▶ The task: Once you reach the line containing "by (rule sum.inter_filter[symmetric])", copy it and every line after it exactly, through the end of the data below.

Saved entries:
section \<open>Product test functions under the k-transformation\<close>

lemma sum_cube_Times_prod:
  fixes H :: "'i \<Rightarrow> ('j \<Rightarrow> int) \<Rightarrow> real"
  assumes "finite N" and "finite K"
  shows "(\<Sum>Y\<in>cube (N \<times> K). \<Prod>i\<in>N. H i (\<lambda>j. Y (i, j))) = (\<Prod>i\<in>N. \<Sum>y\<in>cube K. H i y)"
proof -
  have "(\<Prod>i\<in>N. \<Sum>y\<in>cube K. H i y) = (\<Sum>g\<in>PiE N (\<lambda>_. cube K). \<Prod>i\<in>N. H i (g i))"
    using assms by (intro prod_sum_PiE) (auto intro: finite_cube)
  also have "\<dots> = (\<Sum>Y\<in>cube (N \<times> K). \<Prod>i\<in>N. H i (\<lambda>j. Y (i, j)))"
  proof (rule sum.reindex_bij_witness[of _ "\<lambda>Y i. if i \<in> N then (\<lambda>j. Y (i, j)) else undefined"
        "\<lambda>g (i, j). if i \<in> N then g i j else undefined"])
    fix g assume "g \<in> PiE N (\<lambda>_. cube K)"
    then show "(\<lambda>i. if i \<in> N then (\<lambda>j. case (i, j) of (i, j) \<Rightarrow> if i \<in> N then g i j else undefined)
          else undefined) = g"
      and "(\<lambda>(i, j). if i \<in> N then g i j else undefined) \<in> cube (N \<times> K)"
      by (auto simp: cube_def PiE_def extensional_def Pi_def)
    show "(\<Prod>i\<in>N. H i (\<lambda>j. (\<lambda>(i, j). if i \<in> N then g i j else undefined) (i, j)))
        = (\<Prod>i\<in>N. H i (g i))"
      by (rule prod.cong) (auto simp: fun_eq_iff)
  next
    fix Y assume "Y \<in> cube (N \<times> K)"
    then show "(\<lambda>(i, j). if i \<in> N then (if i \<in> N then (\<lambda>j. Y (i, j)) else undefined) j
          else undefined) = Y"
      and "(\<lambda>i. if i \<in> N then (\<lambda>j. Y (i, j)) else undefined) \<in> PiE N (\<lambda>_. cube K)"
      by (auto simp: cube_def PiE_def extensional_def Pi_def)
  qed
  finally show ?thesis
    by simp
qed

lemma sum_cube_all_minus:
  fixes \<phi> :: "'j \<Rightarrow> int \<Rightarrow> real"
  assumes "finite K"
  shows "(\<Sum>y\<in>cube K. (if \<forall>j\<in>K. y j = -1 then 1 else 0) * (\<Prod>j\<in>K. \<phi> j (y j)))
       = (\<Prod>j\<in>K. \<phi> j (-1))"
proof -
  have "(\<Sum>y\<in>cube K. (if \<forall>j\<in>K. y j = -1 then 1 else 0) * (\<Prod>j\<in>K. \<phi> j (y j)))
      = (\<Sum>y\<in>cube K. if \<forall>j\<in>K. y j = -1 then \<Prod>j\<in>K. \<phi> j (y j) else 0)"
    by (intro sum.cong) auto
  also have "\<dots> = (\<Sum>y\<in>{y\<in>cube K. \<forall>j\<in>K. y j = -1}. \<Prod>j\<in>K. \<phi> j (y j))"
    by (rule sum.inter_filter[symmetric]) (rule finite_cube[OF assms])
  also have "{y\<in>cube K. \<forall>j\<in>K. y j = -1} = {restrict (\<lambda>_. -1) K}"
    by (auto simp: cube_def PiE_def extensional_def)
  finally show ?thesis
    by simp
qed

▶ The completed task:
    by (rule sum.inter_filter[symmetric]) (rule finite_cube[OF assms])
  also have "{y\<in>cube K. \<forall>j\<in>K. y j = -1} = {restrict (\<lambda>_. -1) K}"
    by (auto simp: cube_def PiE_def extensional_def)
  finally show ?thesis
    by simp
qed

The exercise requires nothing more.